Prison is ingrained in Russian song, language and folklore. “You can never be safe from prison or the begging bowl,” runs a popular proverb. “If you have not been to prison, you don’t know life,” goes another common saying. Despite the barbed-wire fences, the separation between the world inside and outside prison has always been notional. Prisoners are not an aberration but an essential part of Russian life.

“The only place befitting an honest man in Russia at the present time is a prison,” a character reflects in Tolstoy’s novel “Resurrection”. Much of the book is set in a penal colony in Siberia in homage to Dostoyevsky. Tolstoy, much to his regret, never went to prison. Neither did Anton Chekhov. But both recognised that you cannot be a writer of national importance without incorporating the institution into your literary world. For those who aspire to be national politicians in Russia, prison is not just a punishment or hindrance but the ultimate test of someone’s convictions. It asserts their dignity and earns them moral authority.

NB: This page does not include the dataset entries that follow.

lemma card_dbdom_eq_sum_hvec:
  assumes \<sigma>: "finite \<sigma>" and wf: "wf_db \<sigma> ar E" and deg: "db_degree \<sigma> E \<le> d"
    and T: "finite (rtypes \<sigma> ar d r)"
  shows "card (dbdom E) = (\<Sum>\<tau>\<in>rtypes \<sigma> ar d r. hvec \<sigma> ar r E \<tau>)"
proof -
  have "rtype \<sigma> ar r E a \<in> rtypes \<sigma> ar d r" if "a \<in> dbdom E" for a
    unfolding rtypes_def using that wf db_degree_nbhd_le[OF \<sigma> wf, of r a] deg by fastforce
  then have "dbdom E = (\<Union>\<tau>\<in>rtypes \<sigma> ar d r. {a \<in> dbdom E. rtype \<sigma> ar r E a = \<tau>})"
    by auto
  also have "card \<dots> = (\<Sum>\<tau>\<in>rtypes \<sigma> ar d r. card {a \<in> dbdom E. rtype \<sigma> ar r E a = \<tau>})"
    using T wf unfolding wf_db_def by (intro card_UN_disjoint) auto
  finally show ?thesis unfolding hvec_def .
qed

lemma dvec_eq_normalized_hvec:
  assumes "finite \<sigma>" "wf_db \<sigma> ar E" "db_degree \<sigma> E \<le> d" "finite (rtypes \<sigma> ar d r)"
  shows "dvec \<sigma> ar r E \<tau> = real (hvec \<sigma> ar r E \<tau>) / real (\<Sum>\<tau>'\<in>rtypes \<sigma> ar d r. hvec \<sigma> ar r E \<tau>')"
  unfolding dvec_def card_dbdom_eq_sum_hvec[OF assms] ..

lemma exists_small_db_close_in_dvec:
  fixes \<epsilon> :: real
  assumes \<sigma>: "finite \<sigma>" and T: "finite (rtypes \<sigma> ar d r)"
    and C: "\<forall>E\<in>C. wf_db \<sigma> ar E \<and> db_degree \<sigma> E \<le> d"
    and "D \<in> C" and hD: "hvec \<sigma> ar r D = lincomb u K a"
    and closed: "\<forall>b. lincomb u K b \<in> hvec \<sigma> ar r ` C"
    and N: "\<forall>j\<le>K. (\<Sum>\<tau>\<in>rtypes \<sigma> ar d r. u j \<tau>) \<le> v" and "K < k" and \<epsilon>: "0 < \<epsilon>"
  obtains D0 where "D0 \<in> C"
    "(\<Sum>\<tau>\<in>rtypes \<sigma> ar d r. \<bar>dvec \<sigma> ar r D \<tau> - dvec \<sigma> ar r D0 \<tau>\<bar>) \<le> \<epsilon>"
    "real (card (dbdom D0)) \<le> real v + 2 * real k * real v / \<epsilon>"
proof (cases "real (card (dbdom D)) \<le> 2 * real k * real v / \<epsilon>")
  case True
  then show thesis using \<open>D \<in> C\<close> \<epsilon> by (intro that[of D]) auto
next
  case False
  have card: "card (dbdom E) = (\<Sum>\<tau>\<in>rtypes \<sigma> ar d r. hvec \<sigma> ar r E \<tau>)"
    and dvec: "dvec \<sigma> ar r E = (\<lambda>\<tau>. real (hvec \<sigma> ar r E \<tau>) / real (\<Sum>\<tau>'\<in>rtypes \<sigma> ar d r. hvec \<sigma> ar r E \<tau>'))"
    if "E \<in> C" for E
    using C that card_dbdom_eq_sum_hvec[OF \<sigma> _ _ T] dvec_eq_normalized_hvec[OF \<sigma> _ _ T] by blast+
  have "2 * real k * real v / \<epsilon> < real (\<Sum>\<tau>\<in>rtypes \<sigma> ar d r. lincomb u K a \<tau>)"
    using False unfolding card[OF \<open>D \<in> C\<close>] hD by simp
  then obtain b where close:
    "(\<Sum>\<tau>\<in>rtypes \<sigma> ar d r. \<bar>real (lincomb u K a \<tau>) / real (\<Sum>\<tau>'\<in>rtypes \<sigma> ar d r. lincomb u K a \<tau>')
        - real (lincomb u K b \<tau>) / real (\<Sum>\<tau>'\<in>rtypes \<sigma> ar d r. lincomb u K b \<tau>')\<bar>) \<le> \<epsilon>"
    and small: "real (\<Sum>\<tau>\<in>rtypes \<sigma> ar d r. lincomb u K b \<tau>) \<le> real v + 2 * real k * real v / \<epsilon>"
    by (rule lincomb_floor_rescale[OF T \<epsilon> N \<open>K < k\<close>])
  obtain D0 where D0: "D0 \<in> C" and hD0: "hvec \<sigma> ar r D0 = lincomb u K b"
    using closed by (metis imageE)
  show thesis
  proof (rule that[OF D0])
    show "(\<Sum>\<tau>\<in>rtypes \<sigma> ar d r. \<bar>dvec \<sigma> ar r D \<tau> - dvec \<sigma> ar r D0 \<tau>\<bar>) \<le> \<epsilon>"
      using close unfolding dvec[OF \<open>D \<in> C\<close>] dvec[OF D0] hD hD0 .
    show "real (card (dbdom D0)) \<le> real v + 2 * real k * real v / \<epsilon>"
      using small unfolding card[OF D0] hD0 .
  qed
qed

lemma finite_dependent_index_image:
  fixes g :: "'a \<Rightarrow> nat"
  assumes "finite I"
  shows "finite {f i j | i j. i \<in> I \<and> j \<le> g i}"
proof (rule finite_subset)
  show "{f i j | i j. i \<in> I \<and> j \<le> g i} \<subseteq> (\<Union>i\<in>I. f i ` {..g i})" by blast
qed (intro finite_UN_I assms finite_imageI finite_atMost)

lemma le_size_bound:
  fixes \<epsilon> :: real
  assumes \<epsilon>: "0 < \<epsilon>" and "0 < k" and c: "0 < v \<Longrightarrow> 0 < c"
  shows "real v + 2 * real k * real v / \<epsilon> \<le> real (k * v) * (3 * real c * real k * real v / \<epsilon> + 2)"
proof (cases "v = 0")
  case False
  then have "1 \<le> c * k * v" using \<open>0 < k\<close> c by (simp add: Suc_le_eq)
  then have "1 \<le> real c * real k * real v" by (metis of_nat_1 of_nat_le_iff of_nat_mult)
  then have "real k * real v * 2 \<le> real k * real v * (3 * real c * real k * real v)"
    by (intro mult_left_mono) auto
  then have "2 * real k * real v / \<epsilon> \<le> real (k * v) * (3 * real c * real k * real v / \<epsilon>)"
    using \<epsilon> by (simp add: divide_right_mono mult.assoc mult.left_commute)
  moreover have "1 * real v \<le> 2 * real k * real v" using \<open>0 < k\<close> by (intro mult_right_mono) auto
  ultimately show ?thesis by (simp add: distrib_left)
qed simp

theorem corollary10:
  fixes \<sigma> :: "'r set" and ar :: "'r \<Rightarrow> nat" and d r m :: nat and \<epsilon> :: real
    and C :: "'r db set" and D :: "'r db"
    and ks :: "nat \<Rightarrow> nat"
    and vs :: "nat \<Rightarrow> nat \<Rightarrow> ('r db \<times> nat) set \<Rightarrow> nat"
  assumes schema: "finite \<sigma>" "\<forall>R\<in>\<sigma>. ar R \<ge> 1"
    and d2: "d \<ge> 2"
    and eps: "0 < \<epsilon>" "\<epsilon> \<le> 1"
    and classC: "\<forall>E\<in>C. wf_db \<sigma> ar E \<and> db_degree \<sigma> E \<le> d"
    and DC: "D \<in> C"
    and vecs: "\<forall>i\<in>{1..m}. \<forall>j\<le>ks i. \<forall>\<tau>. \<tau> \<notin> rtypes \<sigma> ar d r \<longrightarrow> vs i j \<tau> = 0"
    and semilin: "hvec \<sigma> ar r ` C =
       (\<Union>i\<in>{1..m}. {(\<lambda>\<tau>. vs i 0 \<tau> + (\<Sum>j\<in>{1..ks i}. a j * vs i j \<tau>)) | a :: nat \<Rightarrow> nat. True})"
  shows "let c = ctypes \<sigma> ar d r;
             k = Max (ks ` {1..m}) + 1;
             v = Max {(\<Sum>\<tau>\<in>rtypes \<sigma> ar d r. vs i j \<tau>) | i j. i \<in> {1..m} \<and> j \<le> ks i}
         in \<exists>D0. wf_db \<sigma> ar D0 \<and> db_degree \<sigma> D0 \<le> d \<and>
              (\<Sum>\<tau>\<in>rtypes \<sigma> ar d r. \<bar>dvec \<sigma> ar r D \<tau> - dvec \<sigma> ar r D0 \<tau>\<bar>) \<le> \<epsilon> \<and>
              real (card (dbdom D0)) \<le> real (k * v) * (3 * real c * real k * real v / \<epsilon> + 2)"
proof -
  define T where "T = rtypes \<sigma> ar d r"
  define V where "V = {(\<Sum>\<tau>\<in>T. vs i j \<tau>) | i j. i \<in> {1..m} \<and> j \<le> ks i}"
  define c k v where "c = card T" and "k = Max (ks ` {1..m}) + 1" and "v = Max V"
  from DC semilin obtain i a where i: "i \<in> {1..m}" and hD: "hvec \<sigma> ar r D = lincomb (vs i) (ks i) a"
    unfolding lincomb_def by blast
  have closed: "\<forall>b. lincomb (vs i) (ks i) b \<in> hvec \<sigma> ar r ` C"
    using i unfolding semilin lincomb_def by blast
  have "ks i < k" using i unfolding k_def by (simp add: less_Suc_eq_le)
  have "finite V" unfolding V_def by (rule finite_dependent_index_image) simp
  then have N: "\<forall>j\<le>ks i. (\<Sum>\<tau>\<in>T. vs i j \<tau>) \<le> v"
    unfolding v_def using i by (auto simp: V_def intro!: Max_ge)
  have "V \<noteq> {}" unfolding V_def using i by blast
  then have "v \<in> V" unfolding v_def using \<open>finite V\<close> by (rule Max_in[rotated])
  show ?thesis
  proof (cases "finite T")
    case False
    \<comment> \<open>Sums over the infinite set \<open>T\<close> are 0, so the empty database will do.\<close>
    then show ?thesis
      using eps unfolding Let_def T_def[symmetric]
      by (intro exI[of _ "\<lparr>dbdom = {}, dbrel = \<lambda>R. {}\<rparr>"]) (simp add: wf_db_empty db_degree_empty)
  next
    case True
    obtain D0 where "D0 \<in> C" "(\<Sum>\<tau>\<in>T. \<bar>dvec \<sigma> ar r D \<tau> - dvec \<sigma> ar r D0 \<tau>\<bar>) \<le> \<epsilon>"
      "real (card (dbdom D0)) \<le> real v + 2 * real k * real v / \<epsilon>"
      using exists_small_db_close_in_dvec[OF schema(1) True[unfolded T_def] classC DC hD closed]
        N \<open>ks i < k\<close> eps unfolding T_def by blast
    moreover have "0 < c" if "0 < v"
      using \<open>v \<in> V\<close> that True unfolding V_def c_def by (auto simp: card_gt_0_iff)
    then have "real v + 2 * real k * real v / \<epsilon> \<le> real (k * v) * (3 * real c * real k * real v / \<epsilon> + 2)"
      using eps by (intro le_size_bound) (auto simp: k_def)
    ultimately show ?thesis
      using classC unfolding Let_def T_def[symmetric] V_def[symmetric] c_def[symmetric] k_def[symmetric]
        v_def[symmetric] ctypes_def by (intro exI[of _ D0]) auto
  qed
qed
lemma hom_sum_fibres:
  assumes "group G" "group H" "finite (carrier G)" "f \<in> hom G H"
  shows "(\<Sum>x\<in>carrier G. F (f x)) = card (kernel G H f) * (\<Sum>z\<in>f ` carrier G. F z)"
proof -
  interpret h: group_hom G H f by (intro group_hom.intro group_hom_axioms.intro assms)
  have fibre: "{x \<in> carrier G. f x = f x0} = kernel G H f #>\<^bsub>G\<^esub> x0" if x0: "x0 \<in> carrier G" for x0
  proof (intro equalityI subsetI)
    fix x assume x: "x \<in> {x \<in> carrier G. f x = f x0}"
    then have "x \<otimes>\<^bsub>G\<^esub> inv\<^bsub>G\<^esub> x0 \<in> kernel G H f"
      using x0 by (simp add: kernel_def)
    moreover have "x = (x \<otimes>\<^bsub>G\<^esub> inv\<^bsub>G\<^esub> x0) \<otimes>\<^bsub>G\<^esub> x0" using x x0 by (simp add: h.G.m_assoc)
    ultimately show "x \<in> kernel G H f #>\<^bsub>G\<^esub> x0" unfolding r_coset_def by blast
  next
    fix x assume "x \<in> kernel G H f #>\<^bsub>G\<^esub> x0"
    then obtain t where "t \<in> carrier G" "f t = \<one>\<^bsub>H\<^esub>" "x = t \<otimes>\<^bsub>G\<^esub> x0"
      unfolding r_coset_def kernel_def by blast
    then show "x \<in> {x \<in> carrier G. f x = f x0}" using x0 by simp
  qed
  have card_fibre: "card {x \<in> carrier G. f x = z} = card (kernel G H f)" if "z \<in> f ` carrier G" for z
    using that fibre h.G.card_rcosets_equal[OF h.G.rcosetsI, of "kernel G H f"] h.subgroup_kernel
    by (auto dest: subgroup.subset)
  have "(\<Sum>x\<in>carrier G. F (f x)) = (\<Sum>z\<in>f ` carrier G. \<Sum>x\<in>{x \<in> carrier G. f x = z}. F (f x))"
    by (rule sum.image_gen[OF assms(3)])
  also have "\<dots> = (\<Sum>z\<in>f ` carrier G. \<Sum>x\<in>{x \<in> carrier G. f x = z}. F z)"
    by (intro sum.cong) auto
  also have "\<dots> = (\<Sum>z\<in>f ` carrier G. card (kernel G H f) * F z)"
    using card_fibre by (intro sum.cong) auto
  finally show ?thesis by (simp add: sum_distrib_left)
qed

section \<open>The sum of element orders of a cyclic group\<close>

\<comment> \<open>psi of the cyclic group Z/nZ, in which x has order n div gcd n x.\<close>
definition psi_cyclic :: "nat \<Rightarrow> nat" where
  "psi_cyclic n = (\<Sum>x<n. n div gcd n x)"

lemma sum_lessThan_mult_regroup:
  fixes F :: "nat \<Rightarrow> 'a::comm_monoid_add"
  shows "(\<Sum>x<e * k. F x) = (\<Sum>y<k. \<Sum>t<e. F (y + k * t))"
proof -
  have "(\<Sum>x<e * k. F x) = (\<Sum>t<e. \<Sum>y<k. F (y + k * t))"
  proof (induction e)
    case (Suc e)
    have "(\<Sum>x<Suc e * k. F x) = (\<Sum>x<e * k. F x) + (\<Sum>x\<in>{e * k..<e * k + k}. F x)"
      by (simp add: sum.atLeastLessThan_concat[symmetric] lessThan_atLeast0 add.commute)
    also have "(\<Sum>x\<in>{e * k..<e * k + k}. F x) = (\<Sum>y<k. F (y + k * e))"
      using sum.shift_bounds_nat_ivl[of F 0 "e * k" k]
      by (simp add: lessThan_atLeast0 add.commute mult.commute)
    finally show ?case using Suc by simp
  qed simp
  then show ?thesis by (simp add: sum.swap[of _ "{..<e}"])
qed

lemma psi_cyclic_mult_ge:
  assumes "e > 0"
  shows "e * psi_cyclic k \<le> psi_cyclic (e * k)"
proof -
  have "k div gcd k y \<le> (e * k) div gcd (e * k) (y + k * t)" if "y < k" for y t
  proof -
    have "gcd (e * k) (y + k * t) dvd e * gcd k (y + k * t)" by (simp add: gcd_mult_distrib_nat)
    then have "gcd (e * k) (y + k * t) \<le> e * gcd k (y + k * t)"
      using that assms by (simp add: dvd_imp_le)
    then have "(e * k) div (e * gcd k (y + k * t)) \<le> (e * k) div gcd (e * k) (y + k * t)"
      using that assms by (intro div_le_mono2) auto
    moreover have "gcd k (y + k * t) = gcd k y"
      by (metis gcd_add_mult add.commute mult.commute)
    ultimately show ?thesis using assms by simp
  qed
  then have "(\<Sum>y<k. \<Sum>t<e. k div gcd k y) \<le> (\<Sum>y<k. \<Sum>t<e. (e * k) div gcd (e * k) (y + k * t))"
    by (intro sum_mono) auto
  then show ?thesis
    unfolding psi_cyclic_def sum_lessThan_mult_regroup[where e = e]
    by (simp add: sum_distrib_left mult.commute)
qed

Prison is ingrained in Russian song, language and folklore. “If you have not been to prison, you don’t know life,” goes one proverb

Navalny, the ultimate national politician, understood this fully. He walked into prison to strike at the fear that prison instils and, in so doing, liberate his people from paralysis. When Putin tortured Navalny, he didn’t want a confession but a plea for mercy, an admission that fear works. He could not obtain it.

In his last significant appeal to Russia’s supreme court made from his penal colony, Navalny pleaded not for justice for his country or for his own release, but for the right of prisoners to have two items of printed material in a punishment cell. The rules permitted just one. For himself he requested two books – the Bible and “The Law of God”, a volume of Orthodox teachings. But he wasn’t just concerned with his own situation. A Muslim prisoner, he argued, is faced with a choice of having the Quran or a newspaper. Such a prisoner would always choose the former, but anyone put in a punishment cell also needs a newspaper because “it is a very cold place.” he said: “Do you know what they take newspapers into the cell for? To cover themselves at night.” In Russia the separation between prison and freedom, life and death, is newspaper thin.